- Born: 1984 (age 41–42)
- Occupation: politician

= Naomi Kilekwa =

Malawian politician

Naomi Kilekwa Phiri (born 5 October 1984) is a Malawian politician. She is a member of Malawi Parliamentary Women's Caucus and she serves at the National Assembly of Malawi representing Mulanje South East.

==Life==
Kilekwa is a member of the National Assembly of Malawi for Mulanje South East. Her term began on 20 May 2014. She is a member of Malawi Parliamentary Women's Caucus and she has sat on the Agriculture and Irrigation Committee.

In 2016 she donated money to support bee-keeping in her constituency. She wanted to support the environment and in particular trees. 71 bee hives were donated in Mbozi for the use of ten bee keeping clubs.

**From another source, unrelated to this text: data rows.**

lemma surplus_window_insert_Max:
  fixes A S :: "nat set"
  assumes mA: "m \<in> A" "m < s" and m_max: "\<And>u. u \<in> A \<Longrightarrow> u < s \<Longrightarrow> u \<le> m"
    and s_notin: "s \<notin> S" and tm: "t < m" and x: "t < x"
    and surplus: "card ((A - {m}) \<inter> {t<..<x}) < card (S \<inter> {t<..x})"
  shows "\<exists>x>t. card (A \<inter> {t<..<x}) < card (insert s S \<inter> {t<..x})"
proof -
  have A_Suc: "card (A \<inter> {t<..<z}) = Suc (card ((A - {m}) \<inter> {t<..<z}))" if "m < z" for z
    using mA(1) tm that by (intro card_Int_Suc_Diff1) auto
  have S_Suc: "card (insert s S \<inter> {t<..z}) = Suc (card (S \<inter> {t<..z}))" if "s \<le> z" for z
    using card_Int_Suc_Diff1[of "insert s S" "{t<..z}" s] s_notin tm mA(2) that by simp
  consider "x \<le> m" | "s \<le> x" | "m < x" "x < s" by linarith
  then show ?thesis
  proof cases
    case 1
    then have "(A - {m}) \<inter> {t<..<x} = A \<inter> {t<..<x}" "insert s S \<inter> {t<..x} = S \<inter> {t<..x}"
      using mA(2) by auto
    then show ?thesis using x surplus by auto
  next
    case 2
    then show ?thesis using x surplus A_Suc[of x] S_Suc[OF 2] mA(2) by (intro exI[of _ x]) simp
  next
    case 3
    txt \<open>No element of A lies in (m, s), so widening the window to (t, s] only gains s.\<close>
    have "(A - {m}) \<inter> {t<..<s} = (A - {m}) \<inter> {t<..<x}"
      using 3 m_max by fastforce
    moreover have "card (S \<inter> {t<..x}) \<le> card (S \<inter> {t<..s})"
      using 3 by (intro card_mono) auto
    ultimately show ?thesis
      using surplus A_Suc[OF mA(2)] S_Suc[of s] tm mA(2) by (intro exI[of _ s]) simp
  qed
qed

lemma matched_insert_Max:
  fixes A S :: "nat set"
  assumes fin: "finite A" and S_below: "\<forall>y\<in>S. y < s" and ne: "{t \<in> A. t < s} \<noteq> {}"
  defines "m \<equiv> Max {t \<in> A. t < s}"
  shows "matched A (insert s S) = insert m (matched (A - {m}) S)"
proof -
  note mA = Max_below(1,2)[OF fin ne, folded m_def]
  note m_max = Max_below(3)[OF fin ne, folded m_def]
  have "t \<in> matched A (insert s S) \<longleftrightarrow> t \<in> insert m (matched (A - {m}) S)" for t
  proof (cases t m rule: linorder_cases)
    case less
    have "s \<notin> S" using S_below by blast
    then show ?thesis
      using surplus_window_insert_Max[OF mA m_max _ less] surplus_window_Diff_Max[OF mA less] less
      by (auto simp: matched_def)
  next
    case equal
    have "A \<inter> {m<..<s} = {}" using m_max by force
    moreover have "0 < card (insert s S \<inter> {m<..s})" using mA by (subst card_gt_0_iff) auto
    ultimately have "m \<in> matched A (insert s S)"
      using mA unfolding matched_def by (auto intro!: exI[of _ s])
    then show ?thesis using equal by simp
  next
    case greater
    have "insert s S \<inter> {t<..x} = {}" if "t \<in> A" for x
      using that greater m_max S_below by fastforce
    then show ?thesis using greater by (auto simp: matched_def)
  qed
  then show ?thesis by blast
qed

lemma tri_aux_eq_matched: "sorted_wrt (>) ss \<Longrightarrow> finite A \<Longrightarrow> tri_aux ss A = matched A (set ss)"
proof (induction ss arbitrary: A)
  case Nil
  show ?case by (simp add: matched_def)
next
  case (Cons s ss)
  then have ss_below: "\<forall>y\<in>set ss. y < s" and sorted: "sorted_wrt (>) ss" by auto
  show ?case
  proof (cases "{t \<in> A. t < s} = {}")
    case True
    then have "tri_aux (s # ss) A = matched A (set ss)"
      using Cons.IH[OF sorted Cons.prems(2)] by (simp add: tri_aux_Cons_none)
    also have "\<dots> = {}"
      using True ss_below by (intro matched_eq_empty) force
    also have "\<dots> = matched A (set (s # ss))"
      using True ss_below by (intro matched_eq_empty[symmetric]) force
    finally show ?thesis .
  next
    case False
    then show ?thesis
      using Cons.IH[OF sorted] Cons.prems(2) matched_insert_Max[OF Cons.prems(2) ss_below False]
      by (simp add: tri_aux_Cons_Max)
  qed
qed

definition hall_condition :: "nat set \<Rightarrow> nat set \<Rightarrow> bool" where
  "hall_condition A S \<longleftrightarrow> (\<forall>s\<in>S. card (S \<inter> {..s}) \<le> card (A \<inter> {..<s}))"

lemma hall_condition_below_nonempty:
  assumes "hall_condition A S" "s \<in> S"
  shows "{t \<in> A. t < s} \<noteq> {}"
proof -
  have "0 < card (S \<inter> {..s})" using assms(2) by (subst card_gt_0_iff) auto
  then have "0 < card (A \<inter> {..<s})" using assms unfolding hall_condition_def by fastforce
  then show ?thesis by (auto simp: card_gt_0_iff)
qed

lemma hall_condition_Diff_Max:
  fixes A S :: "nat set"
  assumes fin: "finite A" and hall: "hall_condition A (insert s S)" and S_below: "\<forall>y\<in>S. y < s"
  defines "m \<equiv> Max {t \<in> A. t < s}"
  shows "hall_condition (A - {m}) S"
  unfolding hall_condition_def
proof
  fix s' assume s': "s' \<in> S"
  have ne: "{t \<in> A. t < s} \<noteq> {}" using hall by (rule hall_condition_below_nonempty) simp
  note mA = Max_below(1,2)[OF fin ne, folded m_def]
  note m_max = Max_below(3)[OF fin ne, folded m_def]
  have hall_s: "card (insert s S \<inter> {..s}) \<le> card (A \<inter> {..<s})"
    and hall_s': "card (insert s S \<inter> {..s'}) \<le> card (A \<inter> {..<s'})"
    using hall s' unfolding hall_condition_def by auto
  show "card (S \<inter> {..s'}) \<le> card ((A - {m}) \<inter> {..<s'})"
  proof (cases "m < s'")
    case True
    have "A \<inter> {..<s'} = A \<inter> {..<s}"
      using True s' S_below m_max by fastforce
    moreover have "card (A \<inter> {..<s'}) = Suc (card ((A - {m}) \<inter> {..<s'}))"
      using mA(1) True by (intro card_Int_Suc_Diff1) auto
    moreover have "Suc (card (S \<inter> {..s'})) \<le> card (insert s S \<inter> {..s})"
    proof -
      have "s \<notin> S" using S_below by blast
      then have "Suc (card (S \<inter> {..s'})) = card (insert s (S \<inter> {..s'}))" by simp
      also have "\<dots> \<le> card (insert s S \<inter> {..s})" using s' S_below by (intro card_mono) auto
      finally show ?thesis .
    qed
    ultimately show ?thesis using hall_s by simp
  next
    case False
    then have "(A - {m}) \<inter> {..<s'} = A \<inter> {..<s'}" and "insert s S \<inter> {..s'} = S \<inter> {..s'}"
      using s' S_below by auto
    then show ?thesis using hall_s' by simp
  qed
qed

lemma card_tri_aux_eq_length:
  "sorted_wrt (>) ss \<Longrightarrow> finite A \<Longrightarrow> hall_condition A (set ss) \<Longrightarrow>
    card (tri_aux ss A) = length ss"
proof (induction ss arbitrary: A)
  case Nil
  show ?case by simp
next
  case (Cons s ss)
  then have ss_below: "\<forall>y\<in>set ss. y < s" and sorted: "sorted_wrt (>) ss" by auto
  have ne: "{t \<in> A. t < s} \<noteq> {}"
    using Cons.prems(3) by (rule hall_condition_below_nonempty) simp
  define m where "m = Max {t \<in> A. t < s}"
  have "finite (A - {m})" using Cons.prems(2) by simp
  moreover have "hall_condition (A - {m}) (set ss)"
    unfolding m_def using Cons.prems ss_below by (intro hall_condition_Diff_Max) auto
  ultimately have IH: "card (tri_aux ss (A - {m})) = length ss" using Cons.IH[OF sorted] by blast
  have "tri_aux ss (A - {m}) \<subseteq> A - {m}" using Cons.prems(2) by (intro tri_aux_subset) simp
  then have "m \<notin> tri_aux ss (A - {m})" and "finite (tri_aux ss (A - {m}))"
    using Cons.prems(2) finite_subset by auto
  then show ?case using IH by (simp add: tri_aux_Cons_Max[OF ne] m_def[symmetric])
qed
lemma reverse3_leg12: "reverse3 (leg12 A X) = leg23 A (flip X)"
  by (rule pm_linear_eqI[of "\<lambda>X. reverse3 (leg12 A X)" "\<lambda>X. leg23 A (flip X)"])
     (intro pm_linear_intros | simp only: bvec_pair leg12_tens leg23_tens reverse3_tens3 flip_tens)+

lemma reverse3_leg13: "reverse3 (leg13 A X) = leg13 A (flip X)"
  by (rule pm_linear_eqI[of "\<lambda>X. reverse3 (leg13 A X)" "\<lambda>X. leg13 A (flip X)"])
     (intro pm_linear_intros | simp only: bvec_pair leg13_tens reverse3_tens3 flip_tens)+

lemma reverse3_leg23: "reverse3 (leg23 A X) = leg12 A (flip X)"
  by (rule pm_linear_eqI[of "\<lambda>X. reverse3 (leg23 A X)" "\<lambda>X. leg12 A (flip X)"])
     (intro pm_linear_intros | simp only: bvec_pair leg23_tens leg12_tens reverse3_tens3 flip_tens)+

lemma swap12_leg13: "swap12 (leg13 A X) = leg23 A X"
  by (rule pm_linear_eqI[of "\<lambda>X. swap12 (leg13 A X)" "\<lambda>X. leg23 A X"])
     (intro pm_linear_intros | simp only: bvec_pair leg13_tens leg23_tens swap12_tens3)+

lemma swap12_leg23: "swap12 (leg23 A X) = leg13 A X"
  by (rule pm_linear_eqI[of "\<lambda>X. swap12 (leg23 A X)" "\<lambda>X. leg13 A X"])
     (intro pm_linear_intros | simp only: bvec_pair leg13_tens leg23_tens swap12_tens3)+

lemma swap23_leg12: "swap23 (leg12 A X) = leg13 A X"
  by (rule pm_linear_eqI[of "\<lambda>X. swap23 (leg12 A X)" "\<lambda>X. leg13 A X"])
     (intro pm_linear_intros | simp only: bvec_pair leg13_tens leg12_tens swap23_tens3)+

lemma swap23_leg13: "swap23 (leg13 A X) = leg12 A X"
  by (rule pm_linear_eqI[of "\<lambda>X. swap23 (leg13 A X)" "\<lambda>X. leg12 A X"])
     (intro pm_linear_intros | simp only: bvec_pair leg13_tens leg12_tens swap23_tens3)+

lemma counit_leg1_comul_left: "counit_leg1 A (comul_left A X) = X"
  by (rule pm_linear_eqI[of "\<lambda>X. counit_leg1 A (comul_left A X)" "\<lambda>X. X"])
     (intro pm_linear_intros | simp only: bvec_pair comul_left_tens counit_leg1_tens21 counit_left_comul)+

lemma counit_leg2_comul_right: "counit_leg2 A (comul_right A X) = X"
  by (rule pm_linear_eqI[of "\<lambda>X. counit_leg2 A (comul_right A X)" "\<lambda>X. X"])
     (intro pm_linear_intros | simp only: bvec_pair comul_right_tens counit_leg2_tens12 counit_left_comul)+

Kilekwa was elected again in 2019 when no party had a majority and the hung parliament may have led to slow decisions. The Democratic Progressive Party President Peter Mutharika appealled to independents to support the government. 32 agreed including Lyana Lexa Tambala, Susan Dossi, Roseby Gadama and Nancy Chaola Mdooko. Another report mentioned 19 MPs including Kilekwa Phiri and Mary Khembo.

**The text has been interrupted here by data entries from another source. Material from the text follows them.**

(* Let $p\in[0,1)$ and let $z_l\in\mathbb R^N$ satisfy $\lim_{l\to\infty}z_l=z\in\mathbb R^N$. If $[z]$ has nonempty interior, then (with $\xi_p(z_l)$ defined for all sufficiently large $l$) $$\lim_{l\to\infty}\xi_p(z_l)=\xi_p(z)\quad\text{and}\quad \lim_{l\to\infty}\Phi_p(z_l,\xi_p(z_l))=\Phi_p(z,\xi_p(z)).$$
   Context: Fix unit vectors $v_1,\dots,v_N\in S^{n-1}$ not contained in any closed hemisphere and weights $\alpha_1,\dots,\alpha_N>0$ (i.e. the measure $\mu=\sum_j\alpha_j\delta_{v_j}$). For $z\in\mathbb R^N$ let $[z]=\{x\in\mathbb R^n: x\cdot v_j\le z_j,\ j=1,\dots,N\}$. For $z$ with $[z]$ having nonempty interior and $\xi\in[z]$, set $\Phi_p(z,\xi)=\sum_{j=1}^N(z_j-\xi\cdot v_j)^p\alpha_j$ if $p\in(0,1)$ and $\Phi_0(z,\xi)=\sum_{j=1}^N\alpha_j\log(z_j-\xi\cdot v_j)$ (with $\log 0=-\infty$). It is known that $\sup_{\xi\in[z]}\Phi_p(z,\xi)$ is attained at a unique point, which lies in the interior of $[z]$; this point is denoted $\xi_p(z)$. *)

theory Defs
  imports "HOL-Analysis.Analysis"
begin

text \<open>Vectors v_0,...,v_(N-1) (indices j < N) in a Euclidean space; z :: nat => real,
  only the coordinates j < N matter.\<close>

definition poly_set :: "nat \<Rightarrow> (nat \<Rightarrow> 'a::euclidean_space) \<Rightarrow> (nat \<Rightarrow> real) \<Rightarrow> 'a set" where
  "poly_set N v z = {x. \<forall>j<N. x \<bullet> v j \<le> z j}"
(* Let $H\subset\mathrm{Aut}(K^n)$ be the subgroup generated by $\mathcal{S}_n$ and $\{\sigma_{ij}\}_{1\le i<j\le n}$. For $1\le i<j\le n$ and $t\in H$, if $t$ has a fixed point on $\Delta_{K*\mu,ij}$, then $t=(i,j)$ (the transposition) or $t=\mathrm{id}_{K^n}$.
   Context: $n\ge2$. $\mu:K\to E$ is the universal covering of an Enriques surface $E$ by a K3 surface, $\sigma$ its (fixed-point-free) covering involution. $\mathcal{S}_n$ acts on $K^n$ by permuting factors; $\sigma_{ij}$ applies $\sigma$ to coordinates $i$ and $j$. $E^n_*\subset E^n$ is the set of $n$-tuples with at most two coordinates equal (i.e. at most one pair of equal coordinates and no three equal). $K^n_{*\mu}=(\mu^n)^{-1}(E^n_* )$ where $\mu^n(x_1,\dots,x_n)=(\mu(x_1),\dots,\mu(x_n))$, and $\Delta_{K*\mu,ij}=\{(x_l)\in K^n_{*\mu}:x_i=x_j\}$. *)

theory Defs
  imports Main "HOL-Combinatorics.Transposition"
begin

text \<open>Abstract setting. The K3 surface K and Enriques surface E are modelled by
  types 'k and 'e; points of K^n are functions 'n \<Rightarrow> 'k, where the finite
  type 'n indexes the n factors.\<close>

definition perm_act :: "('n \<Rightarrow> 'n) \<Rightarrow> ('n \<Rightarrow> 'k) \<Rightarrow> ('n \<Rightarrow> 'k)" where
  "perm_act p x = x \<circ> inv p"

definition sigma_ij :: "('k \<Rightarrow> 'k) \<Rightarrow> 'n \<Rightarrow> 'n \<Rightarrow> ('n \<Rightarrow> 'k) \<Rightarrow> ('n \<Rightarrow> 'k)" where
  "sigma_ij \<sigma> i j x = x(i := \<sigma> (x i), j := \<sigma> (x j))"

text \<open>The subgroup H of Aut(K^n) generated by S_n and the sigma_ij.
  (All generators have finite order, so the generated monoid is the generated group.)\<close>
inductive_set H_group :: "('k \<Rightarrow> 'k) \<Rightarrow> (('n \<Rightarrow> 'k) \<Rightarrow> ('n \<Rightarrow> 'k)) set"
  for \<sigma> :: "'k \<Rightarrow> 'k" where
  H_id: "id \<in> H_group \<sigma>"
| H_perm: "t \<in> H_group \<sigma> \<Longrightarrow> bij p \<Longrightarrow> perm_act p \<circ> t \<in> H_group \<sigma>"
| H_sigma: "t \<in> H_group \<sigma> \<Longrightarrow> i \<noteq> j \<Longrightarrow> sigma_ij \<sigma> i j \<circ> t \<in> H_group \<sigma>"

text \<open>E^n_*: at most one pair of equal coordinates and no three equal.\<close>
definition E_star :: "('n \<Rightarrow> 'e) set" where
  "E_star = {y. \<forall>a b c d. a \<noteq> b \<and> c \<noteq> d \<and> y a = y b \<and> y c = y d \<longrightarrow> {a, b} = {c, d}}"

definition K_star_mu :: "('k \<Rightarrow> 'e) \<Rightarrow> ('n \<Rightarrow> 'k) set" where
  "K_star_mu \<mu> = {x. \<mu> \<circ> x \<in> E_star}"

definition Delta_K_star_mu :: "('k \<Rightarrow> 'e) \<Rightarrow> 'n \<Rightarrow> 'n \<Rightarrow> ('n \<Rightarrow> 'k) set" where
  "Delta_K_star_mu \<mu> i j = {x \<in> K_star_mu \<mu>. x i = x j}"

end

theory Submission
  imports Defs
begin

text \<open>Every element of H is a permutation of the factors followed by \<open>\<sigma>\<close> on some of them.
  At a fixed point x in \<open>\<Delta>\<close>, each coordinate is sent to one with the same image under \<open>\<mu>\<close>;
  since \<open>\<mu> \<circ> x\<close> has the single coincidence i, j, the permutation can only swap i and j,
  so it fixes every coordinate of x, and as \<open>\<sigma>\<close> has no fixed points no \<open>\<sigma>\<close> is applied.\<close>

definition signed_perm_act ::
    "('k \<Rightarrow> 'k) \<Rightarrow> ('n \<Rightarrow> 'n) \<Rightarrow> ('n \<Rightarrow> bool) \<Rightarrow> ('n \<Rightarrow> 'k) \<Rightarrow> ('n \<Rightarrow> 'k)" where
  "signed_perm_act \<sigma> q e x = (\<lambda>k. if e k then \<sigma> (x (q k)) else x (q k))"

lemma H_group_signed_perm:
  assumes invol: "\<And>x. \<sigma> (\<sigma> x) = x"
    and "t \<in> H_group \<sigma>"
  shows "\<exists>q e. bij q \<and> t = signed_perm_act \<sigma> q e"
  using assms(2)
proof (induction rule: H_group.induct)
  case H_id
  have "id = signed_perm_act \<sigma> id (\<lambda>_. False)"
    by (simp add: signed_perm_act_def fun_eq_iff)
  then show ?case by blast
next
  case (H_perm t p)
  then obtain q e where q: "bij q" and t: "t = signed_perm_act \<sigma> q e" by blast
  have "bij (q \<circ> inv p)"
    using q \<open>bij p\<close> by (simp add: bij_comp bij_imp_bij_inv)
  moreover have "perm_act p \<circ> t = signed_perm_act \<sigma> (q \<circ> inv p) (e \<circ> inv p)"
    by (simp add: t perm_act_def signed_perm_act_def fun_eq_iff)
  ultimately show ?case by blast
next
  case (H_sigma t i j)
  then obtain q e where q: "bij q" and t: "t = signed_perm_act \<sigma> q e" by blast
  have "sigma_ij \<sigma> i j \<circ> t = signed_perm_act \<sigma> q (e(i := \<not> e i, j := \<not> e j))"
    by (simp add: t invol sigma_ij_def signed_perm_act_def fun_eq_iff)
  with q show ?case by blast
qed

lemma signed_perm_act_no_sign: "signed_perm_act \<sigma> q (\<lambda>_. False) = (\<lambda>x. x \<circ> q)"
  by (simp add: signed_perm_act_def fun_eq_iff)

lemma perm_act_transpose: "perm_act (transpose i j) x = x \<circ> transpose i j"
  by (simp add: perm_act_def inv_equality fun_eq_iff)

lemma E_star_coincidence_unique:
  assumes "y \<in> E_star" and "i \<noteq> j" and "y i = y j" and "a \<noteq> b" and "y a = y b"
  shows "{a, b} = {i, j}"
  using assms unfolding E_star_def by blast

lemma inj_moving_only_pair:
  assumes "inj q" and "i \<noteq> j"
    and moves: "\<And>k. q k \<noteq> k \<Longrightarrow> {q k, k} = {i, j}"
  shows "q = id \<or> q = transpose i j"
proof (cases "q i = i")
  case True
  have "q k = k" for k
  proof (rule ccontr)
    assume qk: "q k \<noteq> k"
    then have "k = j \<and> q j = i \<or> k = i"
      using moves[OF qk] by (auto simp: doubleton_eq_iff)
    with True qk \<open>inj q\<close> \<open>i \<noteq> j\<close> show False by (metis injD)
  qed
  then show ?thesis by auto
next
  case False
  then have qi: "q i = j"
    using moves[of i] by (auto simp: doubleton_eq_iff)
  with \<open>inj q\<close> \<open>i \<noteq> j\<close> have "q j \<noteq> j" by (metis injD)
  then have qj: "q j = i"
    using moves[of j] by (auto simp: doubleton_eq_iff)
  have "q k = transpose i j k" for k
  proof (cases "k = i \<or> k = j")
    case True
    with qi qj show ?thesis by auto
  next
    case False
    then have "q k = k" using moves[of k] by (auto simp: doubleton_eq_iff)
    with False show ?thesis by (simp add: transpose_def)
  qed
  then show ?thesis by auto
qed

lemma signed_perm_fixed_point_same_fibre:
  assumes cover: "\<And>x y. \<mu> x = \<mu> y \<longleftrightarrow> y = x \<or> y = \<sigma> x"
    and fixed: "signed_perm_act \<sigma> q e x = x"
  shows "\<mu> (x (q k)) = \<mu> (x k)"
proof -
  have "x k = (if e k then \<sigma> (x (q k)) else x (q k))"
    using fixed by (metis signed_perm_act_def)
  then show ?thesis using cover by (cases "e k") auto
qed

lemma signed_perm_fixing_Delta:
  assumes fpf: "\<And>x. \<sigma> x \<noteq> x"
    and cover: "\<And>x y. \<mu> x = \<mu> y \<longleftrightarrow> y = x \<or> y = \<sigma> x"
    and "i \<noteq> j" and "inj q"
    and x: "x \<in> Delta_K_star_mu \<mu> i j"
    and fixed: "signed_perm_act \<sigma> q e x = x"
  shows "(q = id \<or> q = transpose i j) \<and> e = (\<lambda>_. False)"
proof -
  have xij: "x i = x j" and xE: "\<mu> \<circ> x \<in> E_star"
    using x by (auto simp: Delta_K_star_mu_def K_star_mu_def)
  have moves: "{q k, k} = {i, j}" if "q k \<noteq> k" for k
    using E_star_coincidence_unique[OF xE \<open>i \<noteq> j\<close> _ that]
      signed_perm_fixed_point_same_fibre[OF cover fixed] xij
    by simp
  have "x (q k) = x k" for k
    using moves[of k] xij by (cases "q k = k") (auto simp: doubleton_eq_iff)
  then have "\<not> e k" for k
    using fixed fpf by (metis signed_perm_act_def)
  with inj_moving_only_pair[OF \<open>inj q\<close> \<open>i \<noteq> j\<close> moves] show ?thesis by auto
qed

theorem lemma2p3:
  fixes \<sigma> :: "'k \<Rightarrow> 'k" and \<mu> :: "'k \<Rightarrow> 'e"
    and i j :: "'n::finite" and t :: "('n \<Rightarrow> 'k) \<Rightarrow> ('n \<Rightarrow> 'k)"
  assumes n2: "card (UNIV :: 'n set) \<ge> 2"
    and invol: "\<And>x. \<sigma> (\<sigma> x) = x"
    and fpf: "\<And>x. \<sigma> x \<noteq> x"
    and cover: "\<And>x y. \<mu> x = \<mu> y \<longleftrightarrow> y = x \<or> y = \<sigma> x"
    and surj_mu: "surj \<mu>"
    and ij: "i \<noteq> j"
    and tH: "t \<in> H_group \<sigma>"
    and fixpt: "\<exists>x \<in> Delta_K_star_mu \<mu> i j. t x = x"
  shows "t = perm_act (transpose i j) \<or> t = id"
proof -
  obtain q e where "bij q" and t: "t = signed_perm_act \<sigma> q e"
    using H_group_signed_perm[OF invol tH] by blast
  obtain x where "x \<in> Delta_K_star_mu \<mu> i j" and "t x = x"
    using fixpt by blast
  then have q: "q = id \<or> q = transpose i j" and e: "e = (\<lambda>_. False)"
    using signed_perm_fixing_Delta[OF fpf cover ij bij_is_inj[OF \<open>bij q\<close>]] t by auto
  have "t = (\<lambda>x. x \<circ> q)"
    unfolding t e by (simp add: signed_perm_act_no_sign)
  with q show ?thesis
    by (auto simp: perm_act_transpose fun_eq_iff)
qed

end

On 2023 Kilekwa was suspended from parliament by the speaker Catherine Gotani Hara after unruly behaviour during President Lazarus Chakwera's state of the union address. She had refused to leave and Mary Navicha, Thoko Tembo and Victoria Kingstone supported her. Her supporters were suspended as well.

In August 2024 she used money from her constituency development fund to buy 270 bags of fertiliser. Some of her constituents were hungry following four years of poor harvests and the damage by Cyclone Freddy. The fertiliser was for irrigation farming and to permit self reliance and it was targeted at 17 groups of 50 to 100 people.